(* Let $k\ge2$, $\Sigma_k=\{0,1,\dots,k-1\}$, and let $(f(n))_{n\ge0}$ be a $k$-regular sequence. Let $T=(Q,\Sigma_k,\Sigma_k,\delta,q_0,F,\rho)$ be a functional finite-state transducer with transitions on single letters only but arbitrary words as outputs on each transition, where $Q=\{q_0,\dots,q_{r-1}\}$, $\delta:Q\times\Sigma_k\to Q$ is the transition function, $\rho:Q\times\Sigma_k\to\Sigma_k^*$ is the output function, and $F\subseteq Q$ is the set of final states; $\delta$ and $\rho$ are extended to $\Sigma_k^*$ in the obvious way, and for an input word $x$ the output $T(x)=\rho(q_0,x)$ is defined when $\delta(q_0,x)\in F$. Define $g(n)=f(T((n)_k))$, where $(n)_k$ is the canonical base-$k$ representation of $n$ and $f$ applied to a word over $\Sigma_k$ means $f$ evaluated at the integer that word represents in base $k$ (most significant digit first), assuming $T((n)_k)$ is defined for every $n$. Then $(g(n))_{n\ge0}$ is also a $k$-regular sequence.
   Context: A sequence $(a_n)_{n\ge0}$ is $k$-regular if there is a finite subset $S$ of its $k$-kernel $\{(a_{k^en+i})_{n\ge0}: e\ge0, 0\le i<k^e\}$ such that every element of the $k$-kernel is a linear combination of elements of $S$; equivalently, there exist a row vector $v$, a matrix-valued morphism $\mu$ on $\Sigma_k^*$ and a column vector $w$ with $a_n=v\mu((n)_k)w$ for all $n$ (a linear representation, also satisfying $a_n=v\mu(x)w$ for any base-$k$ representation $x$ of $n$ with leading zeros). A transducer is functional if every input yields at most one output. *)

theory Defs
  imports Main
begin

fun base_rep :: "nat \<Rightarrow> nat \<Rightarrow> nat list" where
  "base_rep k n = (if k < 2 \<or> n = 0 then [] else base_rep k (n div k) @ [n mod k])"

definition word_val :: "nat \<Rightarrow> nat list \<Rightarrow> nat" where
  "word_val k w = foldl (\<lambda>a d. a * k + d) 0 w"

definition k_kernel :: "nat \<Rightarrow> (nat \<Rightarrow> 'a) \<Rightarrow> (nat \<Rightarrow> 'a) set" where
  "k_kernel k f = {(\<lambda>n. f (k ^ e * n + i)) | e i. i < k ^ e}"

definition k_regular :: "nat \<Rightarrow> (nat \<Rightarrow> 'a::comm_ring_1) \<Rightarrow> bool" where
  "k_regular k f \<longleftrightarrow> (\<exists>S. finite S \<and> S \<subseteq> k_kernel k f \<and>
     (\<forall>h\<in>k_kernel k f. \<exists>c. h = (\<lambda>n. \<Sum>s\<in>S. c s * s n)))"

fun delta_star :: "('q \<Rightarrow> nat \<Rightarrow> 'q) \<Rightarrow> 'q \<Rightarrow> nat list \<Rightarrow> 'q" where
  "delta_star \<delta> q [] = q"
| "delta_star \<delta> q (a # w) = delta_star \<delta> (\<delta> q a) w"

fun rho_star :: "('q \<Rightarrow> nat \<Rightarrow> 'q) \<Rightarrow> ('q \<Rightarrow> nat \<Rightarrow> nat list) \<Rightarrow> 'q \<Rightarrow> nat list \<Rightarrow> nat list" where
  "rho_star \<delta> \<rho> q [] = []"
| "rho_star \<delta> \<rho> q (a # w) = \<rho> q a @ rho_star \<delta> \<rho> (\<delta> q a) w"

end

theory Submission
  imports Defs "HOL-Library.Function_Algebras" "HOL-Computational_Algebra.Polynomial"
begin

text \<open>Write \<open>T w\<close> for the output of the transducer on the word \<open>w\<close> and \<open>[w]\<close> for its value.
  For \<open>n > 0\<close> and \<open>i < k^e\<close> the representation of \<open>k^e * n + i\<close> is that of \<open>n\<close> followed by the
  \<open>e\<close> low digits of \<open>i\<close>, so its output is \<open>T (n)\<^sub>k\<close> followed by a word \<open>w\<close> that depends only
  on \<open>e\<close>, \<open>i\<close> and the state reached after reading \<open>(n)\<^sub>k\<close> (for \<open>n = 0\<close>, \<open>w = T (i)\<^sub>k\<close>).
  If a finite set \<open>S\<close> spans the kernel of \<open>f\<close>, then \<open>f (k^|w| * m + [w]) = (\<Sum>t\<in>S. C w t * t m)\<close>
  with coefficient vectors \<open>C w\<close> that are products of the matrices expressing \<open>t (k * m + d)\<close>
  through \<open>S\<close>. Hence every sequence in the kernel of \<open>g\<close> is the image of a vector indexed by
  (state or none) \<open>\<times> S\<close> under one fixed linear map. As the coefficient ring is an arbitrary
  commutative ring, finiteness comes from Noetherianity: all entries lie in the subring
  generated by finitely many coefficients, which is Noetherian by Hilbert's basis theorem, so
  the module spanned by these vectors is spanned by finitely many of them, and their images
  span the kernel of \<open>g\<close>.\<close>

section \<open>Submodules over a subring\<close>

definition subring :: "'a::comm_ring_1 set \<Rightarrow> bool" where
  "subring R \<longleftrightarrow> 0 \<in> R \<and> 1 \<in> R \<and> (\<forall>x\<in>R. \<forall>y\<in>R. x + y \<in> R \<and> x * y \<in> R \<and> - x \<in> R)"

definition submodule :: "'a::comm_ring_1 set \<Rightarrow> 'a set \<Rightarrow> bool" where
  "submodule S M \<longleftrightarrow> 0 \<in> M \<and> (\<forall>x\<in>M. \<forall>y\<in>M. x + y \<in> M) \<and> (\<forall>s\<in>S. \<forall>x\<in>M. s * x \<in> M)"

inductive_set span_over :: "'a::comm_ring_1 set \<Rightarrow> 'a set \<Rightarrow> 'a set" for S B where
  zero: "0 \<in> span_over S B"
| add_scaled: "x \<in> span_over S B \<Longrightarrow> s \<in> S \<Longrightarrow> b \<in> B \<Longrightarrow> x + s * b \<in> span_over S B"

lemma subringD:
  assumes "subring R"
  shows subring_zero: "0 \<in> R" and subring_one: "1 \<in> R"
    and subring_add: "x \<in> R \<Longrightarrow> y \<in> R \<Longrightarrow> x + y \<in> R"
    and subring_mult: "x \<in> R \<Longrightarrow> y \<in> R \<Longrightarrow> x * y \<in> R"
    and subring_uminus: "x \<in> R \<Longrightarrow> - x \<in> R"
  using assms unfolding subring_def by blast+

◆ ◆ ◆ ◆ ◆

**Problem:**
After locating the line containing "R \<Longrightarrow> - x", give that line and every later line of the listing again exactly, up to and including the last.

**Solution to this problem:**
    and subring_uminus: "x \<in> R \<Longrightarrow> - x \<in> R"
  using assms unfolding subring_def by blast+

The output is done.